## Exercise brief:
Transcribe only part of the material below: the lines from the one containing "that by simp" through the one containing "(auto simp: shift_def)", inclusive, exactly as written.

## Exercise materials:
○ ○ ○
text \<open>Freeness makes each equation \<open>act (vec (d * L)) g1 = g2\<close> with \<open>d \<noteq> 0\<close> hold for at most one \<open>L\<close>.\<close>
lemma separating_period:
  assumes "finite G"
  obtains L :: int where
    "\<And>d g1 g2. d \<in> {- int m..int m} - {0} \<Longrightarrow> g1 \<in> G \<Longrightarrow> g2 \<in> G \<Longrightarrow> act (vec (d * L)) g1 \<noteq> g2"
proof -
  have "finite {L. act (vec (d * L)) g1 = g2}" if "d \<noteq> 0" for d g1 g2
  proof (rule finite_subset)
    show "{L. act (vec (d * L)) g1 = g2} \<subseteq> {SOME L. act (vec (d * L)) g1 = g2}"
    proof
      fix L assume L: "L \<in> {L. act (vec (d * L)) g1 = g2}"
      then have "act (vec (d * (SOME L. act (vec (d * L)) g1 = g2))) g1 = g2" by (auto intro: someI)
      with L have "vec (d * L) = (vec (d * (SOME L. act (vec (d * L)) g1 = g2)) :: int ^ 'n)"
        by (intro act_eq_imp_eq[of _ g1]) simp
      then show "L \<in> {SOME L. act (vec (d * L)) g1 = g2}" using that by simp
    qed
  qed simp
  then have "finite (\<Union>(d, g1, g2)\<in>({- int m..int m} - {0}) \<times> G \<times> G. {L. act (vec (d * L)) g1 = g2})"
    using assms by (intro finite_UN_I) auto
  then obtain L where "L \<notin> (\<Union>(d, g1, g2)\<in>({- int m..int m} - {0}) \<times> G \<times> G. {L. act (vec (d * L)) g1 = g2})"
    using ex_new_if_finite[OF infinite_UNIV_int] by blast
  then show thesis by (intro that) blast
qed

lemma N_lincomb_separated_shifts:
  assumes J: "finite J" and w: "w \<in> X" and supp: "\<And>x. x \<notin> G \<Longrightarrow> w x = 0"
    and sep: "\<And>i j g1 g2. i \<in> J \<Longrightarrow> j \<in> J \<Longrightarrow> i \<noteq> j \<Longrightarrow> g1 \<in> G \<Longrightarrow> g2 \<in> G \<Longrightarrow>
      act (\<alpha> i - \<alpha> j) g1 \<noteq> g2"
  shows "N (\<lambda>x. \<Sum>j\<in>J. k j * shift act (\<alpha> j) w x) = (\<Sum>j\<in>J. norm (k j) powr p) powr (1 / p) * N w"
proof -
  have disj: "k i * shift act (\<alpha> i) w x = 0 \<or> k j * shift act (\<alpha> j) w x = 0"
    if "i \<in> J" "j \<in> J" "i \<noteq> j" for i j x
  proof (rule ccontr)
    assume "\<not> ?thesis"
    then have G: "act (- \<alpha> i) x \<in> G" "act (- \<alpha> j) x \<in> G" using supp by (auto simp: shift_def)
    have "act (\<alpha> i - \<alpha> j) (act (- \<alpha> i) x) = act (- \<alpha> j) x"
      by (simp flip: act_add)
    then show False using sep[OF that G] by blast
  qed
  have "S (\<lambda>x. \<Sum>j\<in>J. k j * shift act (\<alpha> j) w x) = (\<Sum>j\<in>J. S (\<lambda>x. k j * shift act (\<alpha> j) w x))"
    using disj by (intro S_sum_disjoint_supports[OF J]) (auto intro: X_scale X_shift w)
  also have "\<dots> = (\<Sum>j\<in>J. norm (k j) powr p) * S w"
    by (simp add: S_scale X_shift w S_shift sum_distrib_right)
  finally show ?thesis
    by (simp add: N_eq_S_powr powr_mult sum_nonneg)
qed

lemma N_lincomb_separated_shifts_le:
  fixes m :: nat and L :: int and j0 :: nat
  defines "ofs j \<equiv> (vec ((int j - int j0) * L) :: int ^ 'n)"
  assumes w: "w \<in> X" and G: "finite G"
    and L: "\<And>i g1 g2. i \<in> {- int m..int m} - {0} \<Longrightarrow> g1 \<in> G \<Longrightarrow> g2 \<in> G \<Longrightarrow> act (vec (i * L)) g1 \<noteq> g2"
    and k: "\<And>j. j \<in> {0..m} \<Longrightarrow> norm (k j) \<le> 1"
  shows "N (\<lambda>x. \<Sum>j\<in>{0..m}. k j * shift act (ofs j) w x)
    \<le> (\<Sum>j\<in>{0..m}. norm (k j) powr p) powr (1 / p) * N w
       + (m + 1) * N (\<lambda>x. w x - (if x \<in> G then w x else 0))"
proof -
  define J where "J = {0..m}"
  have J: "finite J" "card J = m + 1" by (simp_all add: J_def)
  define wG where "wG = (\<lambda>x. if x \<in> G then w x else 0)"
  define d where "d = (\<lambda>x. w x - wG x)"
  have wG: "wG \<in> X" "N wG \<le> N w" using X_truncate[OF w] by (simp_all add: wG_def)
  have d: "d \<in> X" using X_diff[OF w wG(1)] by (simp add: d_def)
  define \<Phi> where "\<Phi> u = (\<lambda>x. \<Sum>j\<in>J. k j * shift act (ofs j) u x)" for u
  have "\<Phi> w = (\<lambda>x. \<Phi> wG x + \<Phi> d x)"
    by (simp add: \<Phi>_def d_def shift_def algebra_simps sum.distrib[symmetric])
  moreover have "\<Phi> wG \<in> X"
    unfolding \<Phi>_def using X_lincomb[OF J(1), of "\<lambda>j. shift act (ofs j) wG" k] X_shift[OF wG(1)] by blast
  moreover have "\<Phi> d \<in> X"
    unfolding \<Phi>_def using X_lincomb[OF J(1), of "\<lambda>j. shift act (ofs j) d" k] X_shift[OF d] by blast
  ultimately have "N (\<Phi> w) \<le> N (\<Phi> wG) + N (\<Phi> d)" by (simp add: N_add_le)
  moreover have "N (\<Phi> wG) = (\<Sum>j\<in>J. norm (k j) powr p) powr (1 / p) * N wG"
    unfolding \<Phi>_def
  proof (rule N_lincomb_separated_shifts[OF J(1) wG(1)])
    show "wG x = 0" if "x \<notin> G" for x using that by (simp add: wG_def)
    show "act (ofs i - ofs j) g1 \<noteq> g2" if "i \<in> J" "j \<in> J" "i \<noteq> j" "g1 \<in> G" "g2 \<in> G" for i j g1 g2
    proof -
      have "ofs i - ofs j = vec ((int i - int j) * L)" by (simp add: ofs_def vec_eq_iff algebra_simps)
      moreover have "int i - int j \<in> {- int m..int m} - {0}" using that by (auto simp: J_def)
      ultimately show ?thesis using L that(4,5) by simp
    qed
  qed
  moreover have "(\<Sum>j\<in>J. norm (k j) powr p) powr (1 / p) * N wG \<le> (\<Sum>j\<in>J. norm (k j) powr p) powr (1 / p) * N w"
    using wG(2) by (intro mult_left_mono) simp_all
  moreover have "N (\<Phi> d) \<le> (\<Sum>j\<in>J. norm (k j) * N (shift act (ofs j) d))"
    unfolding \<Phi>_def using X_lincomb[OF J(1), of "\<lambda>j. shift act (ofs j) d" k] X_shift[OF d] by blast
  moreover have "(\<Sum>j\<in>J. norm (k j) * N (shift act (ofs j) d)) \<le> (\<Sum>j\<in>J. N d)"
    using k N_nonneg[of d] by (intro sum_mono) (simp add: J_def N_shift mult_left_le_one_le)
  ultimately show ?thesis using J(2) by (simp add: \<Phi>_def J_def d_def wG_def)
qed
○ ○ ○
## Task response:
      then show "L \<in> {SOME L. act (vec (d * L)) g1 = g2}" using that by simp
    qed
  qed simp
  then have "finite (\<Union>(d, g1, g2)\<in>({- int m..int m} - {0}) \<times> G \<times> G. {L. act (vec (d * L)) g1 = g2})"
    using assms by (intro finite_UN_I) auto
  then obtain L where "L \<notin> (\<Union>(d, g1, g2)\<in>({- int m..int m} - {0}) \<times> G \<times> G. {L. act (vec (d * L)) g1 = g2})"
    using ex_new_if_finite[OF infinite_UNIV_int] by blast
  then show thesis by (intro that) blast
qed

lemma N_lincomb_separated_shifts:
  assumes J: "finite J" and w: "w \<in> X" and supp: "\<And>x. x \<notin> G \<Longrightarrow> w x = 0"
    and sep: "\<And>i j g1 g2. i \<in> J \<Longrightarrow> j \<in> J \<Longrightarrow> i \<noteq> j \<Longrightarrow> g1 \<in> G \<Longrightarrow> g2 \<in> G \<Longrightarrow>
      act (\<alpha> i - \<alpha> j) g1 \<noteq> g2"
  shows "N (\<lambda>x. \<Sum>j\<in>J. k j * shift act (\<alpha> j) w x) = (\<Sum>j\<in>J. norm (k j) powr p) powr (1 / p) * N w"
proof -
  have disj: "k i * shift act (\<alpha> i) w x = 0 \<or> k j * shift act (\<alpha> j) w x = 0"
    if "i \<in> J" "j \<in> J" "i \<noteq> j" for i j x
  proof (rule ccontr)
    assume "\<not> ?thesis"
    then have G: "act (- \<alpha> i) x \<in> G" "act (- \<alpha> j) x \<in> G" using supp by (auto simp: shift_def)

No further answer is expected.